The Inspector submitted his final report to the Commission and observed that the Company prima facie violated sections 198(2), 199(1) and 200(1) of
the repealed Ordinance.
The Company submitted its response to the SECP vide Letter dated January 27, 2021 and the Company contested on following grounds:
— Appointment of inspector is illegal and void ab-initio (partner was appointed while the firm issued the report).
— The Company has substantially complied with the relevant requirements of Company Act, 2017 and further the Company can call general
meeting or Board of Directors meeting for further ratification.
The Company submitted its additional response to the SECP vide Letter dated Letter dated February 10, 2021 and provided the following explanation:
— The Company confirmed that they could not find minutes of meeting related to first appointment of Chief Executive however this can be
substantiated through relevant affidavits of that period and Form 29 submitted with SECP.
— The Company has ratified the recording of minutes by majority of shareholders, the Company has deemed to have complied section 173.

Response of SECP is awaited.


3) Show cause # 9171

SECP issued show cause notice to the Company under section 474 of the Companies Act, 2017 (Enforcing compliance with the provisions of Act) for
non-compliance with section 236(1), 227(1) and 227(2) (directors' report)
The Inspector submitted his final report to the Commission and observed that the Company prima facie violated sections 236(1), 227(1) and 227(2) of
the Companies Act 2017.
The Company is yet to submit its response.

4) Show cause # 45526


SECP issued show cause notice to the Company under section Notice under Section 479 (5) (Adjudication of offences) of the Companies Act, 2017
for violation of section 178 (Records of resolutions and meetings of board) of the Act.

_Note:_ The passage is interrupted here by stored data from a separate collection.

(* Let $(G,k)$ be an instance of PITVD, let $x$ be a cut vertex of $G$ and let $C$ be a pendant tree attached to $x$. Suppose some vertex of $C$ has degree at least $3$ in $G$. Let $H_C=\{u\in C: d_G(u)\ge3\}$, let $v\in H_C$ be the (unique) vertex of $H_C$ with the smallest distance from $x$, let $P_{x,v}$ be the unique path between $x$ and $v$ in $G[C\cup\{x\}]$, and let $D$ be the set consisting of the vertices of $P_{x,v}$ together with two arbitrary neighbors of $v$ in $C$ not on $P_{x,v}$. Then $(G,k)$ is a yes-instance of PITVD if and only if $(G-(C\setminus D),k)$ is a yes-instance of PITVD.
   Context: PITVD: the input is an undirected multigraph $G$ (no self-loops) and an integer $k$; the question is whether there exists $X\subseteq V(G)$ with $|X|\le k$ such that $G-X$ is a simple graph and every connected component of $G-X$ is a proper interval graph or a tree. If $x$ is a cut vertex of $G$ and $C$ is a connected component of $G-x$ that is a tree such that $C\cup\{x\}$ induces a tree in $G$, then $C$ is called a pendant tree attached to $x$. *)

theory Defs
  imports Main "HOL.Real"
begin

text \<open>An undirected multigraph without self-loops is a finite vertex set V together
  with an edge-multiplicity function m: m u v is the number of edges between u and v.\<close>

definition multigraph :: "'a set \<Rightarrow> ('a \<Rightarrow> 'a \<Rightarrow> nat) \<Rightarrow> bool" where
  "multigraph V m \<longleftrightarrow> finite V \<and> (\<forall>u v. m u v = m v u) \<and> (\<forall>v. m v v = 0)
     \<and> (\<forall>u v. 0 < m u v \<longrightarrow> u \<in> V \<and> v \<in> V)"

definition del_edges :: "('a \<Rightarrow> 'a \<Rightarrow> nat) \<Rightarrow> 'a set \<Rightarrow> ('a \<Rightarrow> 'a \<Rightarrow> nat)" where
  "del_edges m X = (\<lambda>u v. if u \<in> X \<or> v \<in> X then 0 else m u v)"

definition simple_graph :: "'a set \<Rightarrow> ('a \<Rightarrow> 'a \<Rightarrow> nat) \<Rightarrow> bool" where
  "simple_graph S m \<longleftrightarrow> (\<forall>u\<in>S. \<forall>v\<in>S. m u v \<le> 1)"

definition degree :: "'a set \<Rightarrow> ('a \<Rightarrow> 'a \<Rightarrow> nat) \<Rightarrow> 'a \<Rightarrow> nat" where
  "degree V m u = (\<Sum>w\<in>V. m u w)"

definition walk_in :: "'a set \<Rightarrow> ('a \<Rightarrow> 'a \<Rightarrow> nat) \<Rightarrow> 'a list \<Rightarrow> bool" where
  "walk_in S m ps \<longleftrightarrow> ps \<noteq> [] \<and> set ps \<subseteq> S
     \<and> (\<forall>i. Suc i < length ps \<longrightarrow> 0 < m (ps ! i) (ps ! Suc i))"

definition path_in :: "'a set \<Rightarrow> ('a \<Rightarrow> 'a \<Rightarrow> nat) \<Rightarrow> 'a \<Rightarrow> 'a \<Rightarrow> 'a list \<Rightarrow> bool" where
  "path_in S m a b ps \<longleftrightarrow> walk_in S m ps \<and> distinct ps \<and> hd ps = a \<and> last ps = b"

definition dist :: "'a set \<Rightarrow> ('a \<Rightarrow> 'a \<Rightarrow> nat) \<Rightarrow> 'a \<Rightarrow> 'a \<Rightarrow> nat" where
  "dist V m a b = (LEAST n. \<exists>ps. walk_in V m ps \<and> hd ps = a \<and> last ps = b \<and> length ps = Suc n)"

The Company submitted its response to the SECP vide Letter dated November 11, 2020.

SECP issued order dated 10 December 2020 in respect of the above matter and imposed penalty of Rs. 15,000 to be paid within 30 days.
Further the Company has to exercise remedial measures to ratify the minutes of BOD meeting held on July 14, 2017 within the earliest
possible time.
Open / Undecided Matters:

Following matters are currently pending/under review by the Securities and Exchange Commission of Pakistan:

 Non-compliance with section 236(1), 227(1) and 227(2) of the Companies Act, 2017. (Related to directors' report)
The Company is yet to submit its response against the show cause notice in this regard.

 Non-compliance with sections 173 (1), 173 (4) (Minutes of proceeding of general meetings and directors), 198(2), 199(1) and 200(1)
(Appointment of Chief Executive) of the repealed Companies Ordinance, 1984.
The Company has submitted its response against the show cause notice in this regard and final order of SECP is pending.